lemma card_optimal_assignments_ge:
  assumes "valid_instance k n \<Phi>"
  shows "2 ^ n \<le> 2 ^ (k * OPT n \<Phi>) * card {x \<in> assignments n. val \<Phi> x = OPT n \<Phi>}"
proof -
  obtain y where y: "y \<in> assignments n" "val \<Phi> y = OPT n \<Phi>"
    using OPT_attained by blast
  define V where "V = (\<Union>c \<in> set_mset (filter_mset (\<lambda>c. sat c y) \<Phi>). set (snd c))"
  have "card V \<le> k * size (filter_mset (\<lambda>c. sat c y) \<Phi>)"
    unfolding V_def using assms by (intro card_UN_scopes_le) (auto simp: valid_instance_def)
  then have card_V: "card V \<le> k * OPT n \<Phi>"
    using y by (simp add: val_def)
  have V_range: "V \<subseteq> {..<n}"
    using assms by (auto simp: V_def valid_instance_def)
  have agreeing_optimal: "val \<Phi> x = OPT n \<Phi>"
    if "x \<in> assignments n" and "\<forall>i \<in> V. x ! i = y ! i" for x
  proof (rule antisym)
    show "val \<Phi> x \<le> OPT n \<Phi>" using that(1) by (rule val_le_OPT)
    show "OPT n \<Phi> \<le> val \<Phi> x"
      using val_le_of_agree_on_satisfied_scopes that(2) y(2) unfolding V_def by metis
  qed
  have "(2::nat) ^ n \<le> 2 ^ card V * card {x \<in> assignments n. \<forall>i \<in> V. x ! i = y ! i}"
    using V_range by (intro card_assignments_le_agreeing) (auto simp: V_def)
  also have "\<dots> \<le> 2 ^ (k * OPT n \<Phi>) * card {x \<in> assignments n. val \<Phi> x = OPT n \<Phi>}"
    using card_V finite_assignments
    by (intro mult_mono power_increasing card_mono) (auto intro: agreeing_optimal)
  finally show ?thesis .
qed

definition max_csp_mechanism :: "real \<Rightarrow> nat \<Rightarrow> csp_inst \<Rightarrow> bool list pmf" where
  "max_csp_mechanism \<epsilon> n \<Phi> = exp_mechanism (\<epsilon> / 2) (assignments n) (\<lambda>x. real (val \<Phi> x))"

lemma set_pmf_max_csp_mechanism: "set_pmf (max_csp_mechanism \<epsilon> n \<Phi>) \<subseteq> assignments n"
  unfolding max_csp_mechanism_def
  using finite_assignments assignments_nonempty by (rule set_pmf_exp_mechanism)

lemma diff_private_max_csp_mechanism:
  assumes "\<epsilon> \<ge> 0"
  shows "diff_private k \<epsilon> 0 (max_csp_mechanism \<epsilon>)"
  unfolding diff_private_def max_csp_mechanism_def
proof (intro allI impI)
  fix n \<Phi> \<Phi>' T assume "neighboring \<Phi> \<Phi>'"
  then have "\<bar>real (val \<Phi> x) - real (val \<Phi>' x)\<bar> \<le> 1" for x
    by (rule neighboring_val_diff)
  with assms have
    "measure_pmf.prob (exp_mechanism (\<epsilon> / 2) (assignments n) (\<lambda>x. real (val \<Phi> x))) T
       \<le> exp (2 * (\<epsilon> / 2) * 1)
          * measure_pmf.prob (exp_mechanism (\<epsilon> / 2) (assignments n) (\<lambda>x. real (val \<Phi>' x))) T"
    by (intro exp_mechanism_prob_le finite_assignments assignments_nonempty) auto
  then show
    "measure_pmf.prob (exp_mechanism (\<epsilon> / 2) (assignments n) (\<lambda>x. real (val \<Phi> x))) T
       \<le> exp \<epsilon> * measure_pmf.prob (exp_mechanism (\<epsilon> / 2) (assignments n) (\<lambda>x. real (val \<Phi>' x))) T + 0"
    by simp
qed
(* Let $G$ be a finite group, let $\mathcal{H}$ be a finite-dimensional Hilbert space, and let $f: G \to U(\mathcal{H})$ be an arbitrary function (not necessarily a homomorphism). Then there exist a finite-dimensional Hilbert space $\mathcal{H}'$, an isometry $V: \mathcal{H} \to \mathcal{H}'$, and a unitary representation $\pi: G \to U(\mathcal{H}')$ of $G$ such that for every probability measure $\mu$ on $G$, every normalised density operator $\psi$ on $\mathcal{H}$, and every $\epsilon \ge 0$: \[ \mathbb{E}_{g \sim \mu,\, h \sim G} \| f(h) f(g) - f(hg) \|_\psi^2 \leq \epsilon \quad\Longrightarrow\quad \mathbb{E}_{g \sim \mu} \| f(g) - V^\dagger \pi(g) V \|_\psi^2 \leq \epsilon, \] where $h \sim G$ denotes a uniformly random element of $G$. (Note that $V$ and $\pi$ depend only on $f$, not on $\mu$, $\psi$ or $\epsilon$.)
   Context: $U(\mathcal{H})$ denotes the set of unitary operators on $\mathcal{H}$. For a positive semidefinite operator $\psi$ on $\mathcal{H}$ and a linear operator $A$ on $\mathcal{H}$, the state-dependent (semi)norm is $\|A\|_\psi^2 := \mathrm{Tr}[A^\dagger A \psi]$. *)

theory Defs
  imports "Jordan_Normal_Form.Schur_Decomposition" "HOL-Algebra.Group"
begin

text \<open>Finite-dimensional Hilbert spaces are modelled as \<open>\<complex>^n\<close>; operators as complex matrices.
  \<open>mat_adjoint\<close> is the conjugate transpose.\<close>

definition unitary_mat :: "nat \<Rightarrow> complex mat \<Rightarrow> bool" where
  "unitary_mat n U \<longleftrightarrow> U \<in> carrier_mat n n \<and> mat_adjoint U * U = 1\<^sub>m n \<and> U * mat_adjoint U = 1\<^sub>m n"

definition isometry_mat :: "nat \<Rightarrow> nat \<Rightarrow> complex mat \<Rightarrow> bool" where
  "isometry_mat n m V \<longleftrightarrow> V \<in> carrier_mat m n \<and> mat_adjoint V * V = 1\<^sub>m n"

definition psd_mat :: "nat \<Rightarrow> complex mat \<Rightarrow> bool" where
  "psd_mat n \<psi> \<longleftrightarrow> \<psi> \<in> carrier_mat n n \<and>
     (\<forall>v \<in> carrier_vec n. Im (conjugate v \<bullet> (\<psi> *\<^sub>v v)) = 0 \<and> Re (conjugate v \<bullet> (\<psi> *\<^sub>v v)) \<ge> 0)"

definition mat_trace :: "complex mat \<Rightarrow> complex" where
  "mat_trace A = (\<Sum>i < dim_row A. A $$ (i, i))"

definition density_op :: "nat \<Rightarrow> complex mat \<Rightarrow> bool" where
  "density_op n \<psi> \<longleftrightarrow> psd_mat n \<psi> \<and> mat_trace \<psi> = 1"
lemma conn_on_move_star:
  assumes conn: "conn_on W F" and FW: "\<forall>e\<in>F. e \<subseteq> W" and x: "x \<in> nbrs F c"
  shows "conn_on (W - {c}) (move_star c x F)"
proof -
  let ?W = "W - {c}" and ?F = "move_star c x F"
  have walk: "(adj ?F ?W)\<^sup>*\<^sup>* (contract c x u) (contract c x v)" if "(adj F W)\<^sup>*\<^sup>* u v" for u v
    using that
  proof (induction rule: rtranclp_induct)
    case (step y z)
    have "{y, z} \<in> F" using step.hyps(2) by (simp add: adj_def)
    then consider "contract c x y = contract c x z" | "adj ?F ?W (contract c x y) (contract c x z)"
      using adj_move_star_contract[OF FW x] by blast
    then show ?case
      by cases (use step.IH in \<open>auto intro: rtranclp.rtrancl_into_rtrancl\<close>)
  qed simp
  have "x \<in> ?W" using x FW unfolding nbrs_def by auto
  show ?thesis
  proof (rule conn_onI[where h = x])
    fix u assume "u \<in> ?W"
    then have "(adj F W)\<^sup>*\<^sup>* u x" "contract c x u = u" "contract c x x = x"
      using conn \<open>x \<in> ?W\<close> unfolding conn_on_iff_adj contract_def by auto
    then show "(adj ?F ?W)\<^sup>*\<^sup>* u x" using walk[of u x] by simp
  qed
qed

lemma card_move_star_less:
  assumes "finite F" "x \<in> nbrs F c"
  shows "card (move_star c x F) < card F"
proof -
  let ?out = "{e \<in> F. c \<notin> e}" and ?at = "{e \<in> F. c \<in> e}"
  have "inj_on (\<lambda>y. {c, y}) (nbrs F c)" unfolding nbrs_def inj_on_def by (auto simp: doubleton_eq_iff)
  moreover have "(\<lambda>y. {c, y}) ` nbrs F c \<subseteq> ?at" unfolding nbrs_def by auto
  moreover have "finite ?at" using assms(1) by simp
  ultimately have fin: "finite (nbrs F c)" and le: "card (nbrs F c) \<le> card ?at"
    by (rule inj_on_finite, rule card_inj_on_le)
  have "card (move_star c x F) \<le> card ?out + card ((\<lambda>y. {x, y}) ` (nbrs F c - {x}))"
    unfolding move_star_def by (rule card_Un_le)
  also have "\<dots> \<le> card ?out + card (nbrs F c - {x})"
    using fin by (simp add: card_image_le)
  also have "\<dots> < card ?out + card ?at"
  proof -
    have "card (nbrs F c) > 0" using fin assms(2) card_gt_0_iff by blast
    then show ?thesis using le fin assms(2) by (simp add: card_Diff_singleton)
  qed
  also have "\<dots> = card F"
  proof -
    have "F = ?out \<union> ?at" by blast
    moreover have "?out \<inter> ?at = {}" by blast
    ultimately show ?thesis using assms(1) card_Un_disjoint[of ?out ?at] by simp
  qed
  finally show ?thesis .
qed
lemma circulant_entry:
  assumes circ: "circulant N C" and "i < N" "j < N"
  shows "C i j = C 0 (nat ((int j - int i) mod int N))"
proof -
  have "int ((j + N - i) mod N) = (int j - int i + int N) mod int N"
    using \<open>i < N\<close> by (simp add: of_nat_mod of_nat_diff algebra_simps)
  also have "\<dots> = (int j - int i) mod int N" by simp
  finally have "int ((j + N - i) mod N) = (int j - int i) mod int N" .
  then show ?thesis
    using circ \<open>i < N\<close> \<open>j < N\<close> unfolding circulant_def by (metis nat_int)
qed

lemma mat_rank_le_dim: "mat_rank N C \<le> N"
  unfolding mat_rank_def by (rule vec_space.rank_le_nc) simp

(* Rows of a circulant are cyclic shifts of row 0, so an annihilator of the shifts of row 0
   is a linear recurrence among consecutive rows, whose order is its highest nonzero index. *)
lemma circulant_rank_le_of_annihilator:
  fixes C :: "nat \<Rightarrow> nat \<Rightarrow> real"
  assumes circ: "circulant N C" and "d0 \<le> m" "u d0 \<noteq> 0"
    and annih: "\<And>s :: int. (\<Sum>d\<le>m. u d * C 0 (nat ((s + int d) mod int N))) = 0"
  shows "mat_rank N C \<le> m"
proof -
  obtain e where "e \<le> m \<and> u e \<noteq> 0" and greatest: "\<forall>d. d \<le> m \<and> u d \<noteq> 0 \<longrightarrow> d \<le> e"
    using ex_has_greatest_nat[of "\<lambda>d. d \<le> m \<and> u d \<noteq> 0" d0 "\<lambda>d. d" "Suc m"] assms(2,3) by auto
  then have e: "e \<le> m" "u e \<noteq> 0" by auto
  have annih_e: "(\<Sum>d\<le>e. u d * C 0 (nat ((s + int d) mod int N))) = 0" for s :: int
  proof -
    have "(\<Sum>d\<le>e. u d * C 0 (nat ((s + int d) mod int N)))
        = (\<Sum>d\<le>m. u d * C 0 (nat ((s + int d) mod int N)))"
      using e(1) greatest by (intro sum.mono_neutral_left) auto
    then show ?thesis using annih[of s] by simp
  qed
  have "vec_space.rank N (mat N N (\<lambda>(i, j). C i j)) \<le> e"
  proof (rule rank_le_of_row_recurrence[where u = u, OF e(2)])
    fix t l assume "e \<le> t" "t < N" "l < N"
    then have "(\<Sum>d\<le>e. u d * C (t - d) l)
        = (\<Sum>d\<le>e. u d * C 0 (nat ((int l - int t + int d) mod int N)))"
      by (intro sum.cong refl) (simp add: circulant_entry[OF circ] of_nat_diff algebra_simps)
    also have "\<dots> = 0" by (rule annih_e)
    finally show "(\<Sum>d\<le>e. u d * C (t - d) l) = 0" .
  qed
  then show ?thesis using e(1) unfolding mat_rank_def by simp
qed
•••
From the records above, repeat exactly the lines from the one with "by cases (use" through the one with "x F) < card", both included.

- **Exercise solution**:
      by cases (use step.IH in \<open>auto intro: rtranclp.rtrancl_into_rtrancl\<close>)
  qed simp
  have "x \<in> ?W" using x FW unfolding nbrs_def by auto
  show ?thesis
  proof (rule conn_onI[where h = x])
    fix u assume "u \<in> ?W"
    then have "(adj F W)\<^sup>*\<^sup>* u x" "contract c x u = u" "contract c x x = x"
      using conn \<open>x \<in> ?W\<close> unfolding conn_on_iff_adj contract_def by auto
    then show "(adj ?F ?W)\<^sup>*\<^sup>* u x" using walk[of u x] by simp
  qed
qed

lemma card_move_star_less:
  assumes "finite F" "x \<in> nbrs F c"
  shows "card (move_star c x F) < card F"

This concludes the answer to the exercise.